Task to carry out:
Give back exactly the line containing "by (rule eigvec_zero_if_anticommute[OF" together with all the lines after it, ending at the final line below.

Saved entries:
——————

text \<open>The state after the measurement is an eigenvector of the measured Pauli, which
  anticommutes with the detector matrix; hence it has nonzero components in both eigenspaces of the
  detector matrix, and each of them produces one parity.\<close>

lemma run_nonzero_with_parity_if_anticommute:
  assumes ok: "ops_ok n rest" and P': "propagate n u rest (Suc j) pone = Some P'"
    and Sp: "is_pauli n (snd S)" and anti: "\<not> pcommute (snd S) P'"
    and \<phi>: "\<phi> \<in> carrier_vec (2^n)" "\<phi> \<noteq> 0\<^sub>v (2^n)"
    and H_\<phi>: "herm_pauli_mat n S *\<^sub>v \<phi> = sign_of c \<cdot>\<^sub>v \<phi>"
  shows "\<exists>w. run n w (Suc j) rest \<phi> \<noteq> 0\<^sub>v (2^n) \<and> odd (outcome_count w u (Suc j) rest) = b"
proof -
  let ?A = "detector_mat n u rest (Suc j)" and ?H = "herm_pauli_mat n S"
  obtain a where IH: "is_pauli n P'" "?A = a \<cdot>\<^sub>m pauli_mat n P'" and AA: "?A * ?A = 1\<^sub>m (2^n)"
    using detector_mat_propagate[OF ok P'] by blast
  have Ac: "?A \<in> carrier_mat (2^n) (2^n)" using ok by simp
  have HA: "?H * ?A = (-1) \<cdot>\<^sub>m (?A * ?H)"
    unfolding herm_pauli_mat_def IH(2) smult_pauli_mat_commute[OF Sp IH(1)] using anti by simp
  define \<phi>x where "\<phi>x = eig_proj ?A (sign_of b) *\<^sub>v \<phi>"
  define \<phi>y where "\<phi>y = eig_proj ?A (sign_of (\<not> b)) *\<^sub>v \<phi>"
  have split: "\<phi> = \<phi>x + \<phi>y"
    unfolding \<phi>x_def \<phi>y_def sign_of_not[symmetric] by (rule eig_proj_split[OF Ac \<phi>(1)])
  have x: "\<phi>x \<in> carrier_vec (2^n)" and y: "\<phi>y \<in> carrier_vec (2^n)"
    unfolding \<phi>x_def \<phi>y_def using Ac \<phi> by simp_all
  have A_x: "?A *\<^sub>v \<phi>x = sign_of b \<cdot>\<^sub>v \<phi>x" and A_y: "?A *\<^sub>v \<phi>y = sign_of (\<not> b) \<cdot>\<^sub>v \<phi>y"
    unfolding \<phi>x_def \<phi>y_def using eig_proj_eigvec[OF Ac AA \<phi>(1)] by blast+
  have "\<phi>x \<noteq> 0\<^sub>v (2^n)"
  proof
    assume "\<phi>x = 0\<^sub>v (2^n)"
    then have "?A *\<^sub>v \<phi> = sign_of (\<not> b) \<cdot>\<^sub>v \<phi>" using split y A_y by simp
    then have "\<phi> = 0\<^sub>v (2^n)"
      by (rule eigvec_zero_if_anticommute[OF herm_pauli_mat_carrier Ac HA \<phi>(1) H_\<phi>]) simp_all
    then show False using \<phi>(2) by contradiction
  qed
  then obtain w where w: "run n w (Suc j) rest \<phi>x \<noteq> 0\<^sub>v (2^n)"
    using run_nonzero_exists[OF ok x] by blast
  have parity: "odd (outcome_count w u (Suc j) rest) = b"
    using run_eq_zero_if_parity_differs[OF ok P' x A_x] w by blast
  have "run n w (Suc j) rest \<phi>y = 0\<^sub>v (2^n)"
    by (rule run_eq_zero_if_parity_differs[OF ok P' y A_y]) (use parity in simp)
  then have "run n w (Suc j) rest \<phi> = run n w (Suc j) rest \<phi>x"
    unfolding split using run_add[OF ok x y] run_carrier[OF ok x] by simp
  then show ?thesis using w parity by metis
qed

——————

Solution to the problem:
      by (rule eigvec_zero_if_anticommute[OF herm_pauli_mat_carrier Ac HA \<phi>(1) H_\<phi>]) simp_all
    then show False using \<phi>(2) by contradiction
  qed
  then obtain w where w: "run n w (Suc j) rest \<phi>x \<noteq> 0\<^sub>v (2^n)"
    using run_nonzero_exists[OF ok x] by blast
  have parity: "odd (outcome_count w u (Suc j) rest) = b"
    using run_eq_zero_if_parity_differs[OF ok P' x A_x] w by blast
  have "run n w (Suc j) rest \<phi>y = 0\<^sub>v (2^n)"
    by (rule run_eq_zero_if_parity_differs[OF ok P' y A_y]) (use parity in simp)
  then have "run n w (Suc j) rest \<phi> = run n w (Suc j) rest \<phi>x"
    unfolding split using run_add[OF ok x y] run_carrier[OF ok x] by simp
  then show ?thesis using w parity by metis
qed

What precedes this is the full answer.